Powell, she says, “probably didn’t realize how often I took State’s case to the President sympathetically.” In another case, pondering the possibility of a renewed diplomatic effort with North Korea, she describes how she would try to get a hint of Bush’s attitude and mood before opening such a sensitive issue for formal discussion: “The likelihood of a good outcome was increased if I knew in advance the limits of the President’s tolerance. In this case it was clear that he wouldn’t tolerate very much.” She’s speaking of his tolerance for diplomacy. When the dominant subject becomes Iraq—as it did within weeks of September 11, 2001—the need to “work around” tough issues on which open discussion might breach “the limits of the President’s tolerance” becomes ever more pronounced.
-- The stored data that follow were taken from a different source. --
lemma recfn_comp:
  assumes "recfn m f" "\<forall>i<m. recfn n (gs i)"
  shows "recfn n (\<lambda>env. f (\<lambda>i. gs i env))"
proof -
  obtain Ff where Ff: "\<forall>env. eval Ff (map env [0..<m]) (f env)" using assms(1) unfolding recfn_def by blast
  have "\<forall>i<m. \<exists>G. \<forall>env. eval G (map env [0..<n]) (gs i env)" using assms(2) unfolding recfn_def by blast
  then obtain G where G: "\<forall>i<m. \<forall>env. eval (G i) (map env [0..<n]) (gs i env)" by metis
  show ?thesis unfolding recfn_def
  proof (intro exI allI)
    fix env
    have "list_all2 (\<lambda>g y. eval g (map env [0..<n]) y) (map G [0..<m]) (map (\<lambda>i. gs i env) [0..<m])"
      using G by (auto simp: list_all2_conv_all_nth)
    moreover have "eval Ff (map (\<lambda>i. gs i env) [0..<m]) (f (\<lambda>i. gs i env))" using Ff by blast
    ultimately show "eval (Cn n Ff (map G [0..<m])) (map env [0..<n]) (f (\<lambda>i. gs i env))"
      by (intro eval_Cn) auto
  qed
qed

(* Primitive recursion on the first argument of the environment, mirroring Pr: the step
   function sees the counter k, the previous value and the parameters, in that order. *)
fun prim_rec :: "((nat \<Rightarrow> nat) \<Rightarrow> nat) \<Rightarrow> ((nat \<Rightarrow> nat) \<Rightarrow> nat) \<Rightarrow> nat \<Rightarrow> (nat \<Rightarrow> nat) \<Rightarrow> nat"
  where
  "prim_rec f g 0 env = f env"
| "prim_rec f g (Suc k) env = g (case_nat k (case_nat (prim_rec f g k env) env))"

lemma recfn_prim_rec:
  assumes "recfn n f" "recfn (Suc (Suc n)) g"
  shows "recfn (Suc n) (\<lambda>env. prim_rec f g (env 0) (\<lambda>i. env (Suc i)))"
proof -
  obtain Ff where Ff: "\<forall>env. eval Ff (map env [0..<n]) (f env)" using assms(1) unfolding recfn_def by blast
  obtain Gg where Gg: "\<forall>env. eval Gg (map env [0..<Suc (Suc n)]) (g env)" using assms(2) unfolding recfn_def by blast
  have *: "eval (Pr n Ff Gg) (k # map e [0..<n]) (prim_rec f g k e)" for k e
  proof (induction k)
    case 0 then show ?case using Ff by (auto intro: eval_Pr0)
  next
    case (Suc k)
    have "eval Gg (map (case_nat k (case_nat (prim_rec f g k e) e)) [0..<Suc (Suc n)]) (prim_rec f g (Suc k) e)"
      using Gg by (simp del: upt_Suc)
    moreover have "map (case_nat k (case_nat (prim_rec f g k e) e)) [0..<Suc (Suc n)] = k # prim_rec f g k e # map e [0..<n]"
      by (simp only: map_upt_Suc0 nat.case)
    ultimately have "eval Gg (k # prim_rec f g k e # map e [0..<n]) (prim_rec f g (Suc k) e)"
      by simp
    then show ?case using Suc by (intro eval_PrS) auto
  qed
  show ?thesis unfolding recfn_def
    by (rule exI[of _ "Pr n Ff Gg"]) (use * in \<open>simp add: map_upt_Suc0 del: upt_Suc\<close>)
qed

lemma recfn_comp1: "recfn 1 (\<lambda>e. f (e 0)) \<Longrightarrow> recfn n a \<Longrightarrow> recfn n (\<lambda>e. f (a e))"
  using recfn_comp[of 1 "\<lambda>e. f (e 0)" n "\<lambda>i. a"] by simp

lemma recfn_comp2:
  "recfn 2 (\<lambda>e. f (e 0) (e 1)) \<Longrightarrow> recfn n a \<Longrightarrow> recfn n b \<Longrightarrow> recfn n (\<lambda>e. f (a e) (b e))"
  using recfn_comp[of 2 "\<lambda>e. f (e 0) (e 1)" n "\<lambda>i. [a,b] ! i"]
  by (simp add: less_Suc_eq numeral_2_eq_2)

lemma recfn_Suc1: "recfn 1 (\<lambda>e. Suc (e 0))"
  unfolding recfn_def by (rule exI[of _ S]) (auto intro: eval_S)

lemma recfn_Suc[recfn_intros]: "recfn n a \<Longrightarrow> recfn n (\<lambda>e. Suc (a e))"
  by (rule recfn_comp1[OF recfn_Suc1])

lemma recfn_add2: "recfn 2 (\<lambda>e. e 0 + e 1)"
proof -
  have "recfn (Suc (Suc 0)) (\<lambda>e. prim_rec (\<lambda>e. e 0) (\<lambda>e. Suc (e 1)) (e 0) (\<lambda>i. e (Suc i)))"
    by (rule recfn_prim_rec) (intro recfn_intros | simp)+
  moreover have "prim_rec (\<lambda>e. e 0) (\<lambda>e. Suc (e 1)) x e = x + e 0" for x e by (induction x) auto
  ultimately show ?thesis by (simp add: numeral_2_eq_2 recfn_cong)
qed

lemma recfn_add[recfn_intros]: "recfn n a \<Longrightarrow> recfn n b \<Longrightarrow> recfn n (\<lambda>e. a e + b e)"
  by (rule recfn_comp2[OF recfn_add2])

lemma recfn_mult2: "recfn 2 (\<lambda>e. e 0 * e 1)"
proof -
  have "recfn (Suc (Suc 0)) (\<lambda>e. prim_rec (\<lambda>e. 0) (\<lambda>e. e 1 + e 2) (e 0) (\<lambda>i. e (Suc i)))"
    by (rule recfn_prim_rec) (intro recfn_intros | simp)+
  moreover have "prim_rec (\<lambda>e. 0) (\<lambda>e. e 1 + e 2) x e = x * e 0" for x e by (induction x) auto
  ultimately show ?thesis by (simp add: numeral_2_eq_2 recfn_cong)
qed

lemma recfn_mult[recfn_intros]: "recfn n a \<Longrightarrow> recfn n b \<Longrightarrow> recfn n (\<lambda>e. a e * b e)"
  by (rule recfn_comp2[OF recfn_mult2])

lemma recfn_pred1: "recfn 1 (\<lambda>e. e 0 - 1)"
proof -
  have "recfn (Suc 0) (\<lambda>e. prim_rec (\<lambda>e. 0) (\<lambda>e. e 0) (e 0) (\<lambda>i. e (Suc i)))"
    by (rule recfn_prim_rec) (intro recfn_intros | simp)+
  moreover have "prim_rec (\<lambda>e. 0) (\<lambda>e. e 0) x e = x - 1" for x e by (induction x) auto
  ultimately show ?thesis by (simp add: recfn_cong)
qed

lemma recfn_sub2: "recfn 2 (\<lambda>e. e 0 - e 1)"
proof -
  have "recfn (Suc (Suc 0)) (\<lambda>e. prim_rec (\<lambda>e. e 0) (\<lambda>e. e 1 - 1) (e 0) (\<lambda>i. e (Suc i)))"
    by (rule recfn_prim_rec) (intro recfn_intros recfn_comp1[OF recfn_pred1] | simp)+
  moreover have "prim_rec (\<lambda>e. e 0) (\<lambda>e. e 1 - 1) x e = e 0 - x" for x e by (induction x) auto
  ultimately have "recfn 2 (\<lambda>e. e 1 - e 0)" by (simp add: numeral_2_eq_2 recfn_cong)
  from recfn_comp2[OF this, of 2 "\<lambda>e. e 1" "\<lambda>e. e 0"] show ?thesis by (simp add: recfn_proj)
qed

lemma recfn_sub[recfn_intros]: "recfn n a \<Longrightarrow> recfn n b \<Longrightarrow> recfn n (\<lambda>e. a e - b e)"
  by (rule recfn_comp2[OF recfn_sub2])

lemma recfn_sum[recfn_intros]:
  assumes "recfn (Suc n) (\<lambda>e. h (e 0) (\<lambda>i. e (Suc i)))" "recfn n B"
  shows "recfn n (\<lambda>e. \<Sum>j<B e. h j e)"
proof -
  have "\<forall>i<Suc n. recfn (Suc (Suc n)) (case_nat (\<lambda>e. e 0) (\<lambda>i e. e (Suc (Suc i))) i)"
    by (auto simp: less_Suc_eq_0_disj intro!: recfn_proj)
  from recfn_comp[OF assms(1) this]
  have g: "recfn (Suc (Suc n)) (\<lambda>e. h (e 0) (\<lambda>i. e (Suc (Suc i))))" by simp
  have "recfn (Suc n) (\<lambda>e. prim_rec (\<lambda>e. 0) (\<lambda>e. e 1 + h (e 0) (\<lambda>i. e (Suc (Suc i)))) (e 0) (\<lambda>i. e (Suc i)))"
    by (intro recfn_prim_rec recfn_intros g | simp)+
  moreover have "prim_rec (\<lambda>e. 0) (\<lambda>e. e 1 + h (e 0) (\<lambda>i. e (Suc (Suc i)))) x e = (\<Sum>j<x. h j e)" for x e
    by (induction x) auto
  ultimately have S: "recfn (Suc n) (\<lambda>e. \<Sum>j<e 0. h j (\<lambda>i. e (Suc i)))" by (rule recfn_cong)
  have "\<forall>i<Suc n. recfn n (case_nat B (\<lambda>i e. e i) i)"
    using assms(2) by (auto simp: less_Suc_eq_0_disj intro!: recfn_proj)
  from recfn_comp[OF S this] show ?thesis by simp
qed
What’s missing from this account—from all the self-justifying, tidied-up memoirs emerging from the last administration—is any coherent presentation of the strategic reasoning behind the rush to preemptive war. One can imagine an argument in the administration’s secret councils along these lines: the US having been attacked by Arabs, shock therapy is called for not just in remote Afghanistan but in a land where Arabs predominate; we can hardly attack our ally Saudi Arabia, even though it’s the evident seedbed of the sort of Islamic militancy personified by Osama bin Laden; therefore, we need to find a foothold and allies in a significant Arab land, preferably one that also has oil; and, finally, Iraq—where the United States has already called for “regime change”—is a ready-made target of opportunity for such a war of choice because it’s ruled by a tyrant with whom the international community has unfinished business over weapons inspections.

One can imagine something like that but nothing so cold-blooded or purposeful surfaces in these books. If any such discussions did occur, they were apparently not within the hearing of the national security adviser. Instead, we’re reminded again and again of how reasonable it was to suspect Saddam of preserving devastating weapons of mass destruction and thus the option of handing them on the sly to terrorists for use against us.

None of these books tallies the cost in dollars (approaching one trillion) or lives—Iraqi (possibly 100,000) as well as American (nearly 4,500)—or makes the argument that the long war was worth the price even though the declared war aim, securing the imagined weapons of mass destruction, proved to be chimerical. They simply echo the line, in virtually the same words, that the world is a better place without Saddam Hussein. Rice says she’s “grateful” that he’s not around to enter a nuclear arms race against Iran’s Mahmoud Ahmadinejad. Given that we’ve known for years that Saddam’s nuclear program was defunct, it’s a puzzling, even slippery argument, an example of a power player continuing to inhabit the White House bubble long after departing the actual premises.

  1. 1

    Powell’s account can be found in Karen DeYoung, Soldier: The Life of Colin Powell (Knopf, 2006).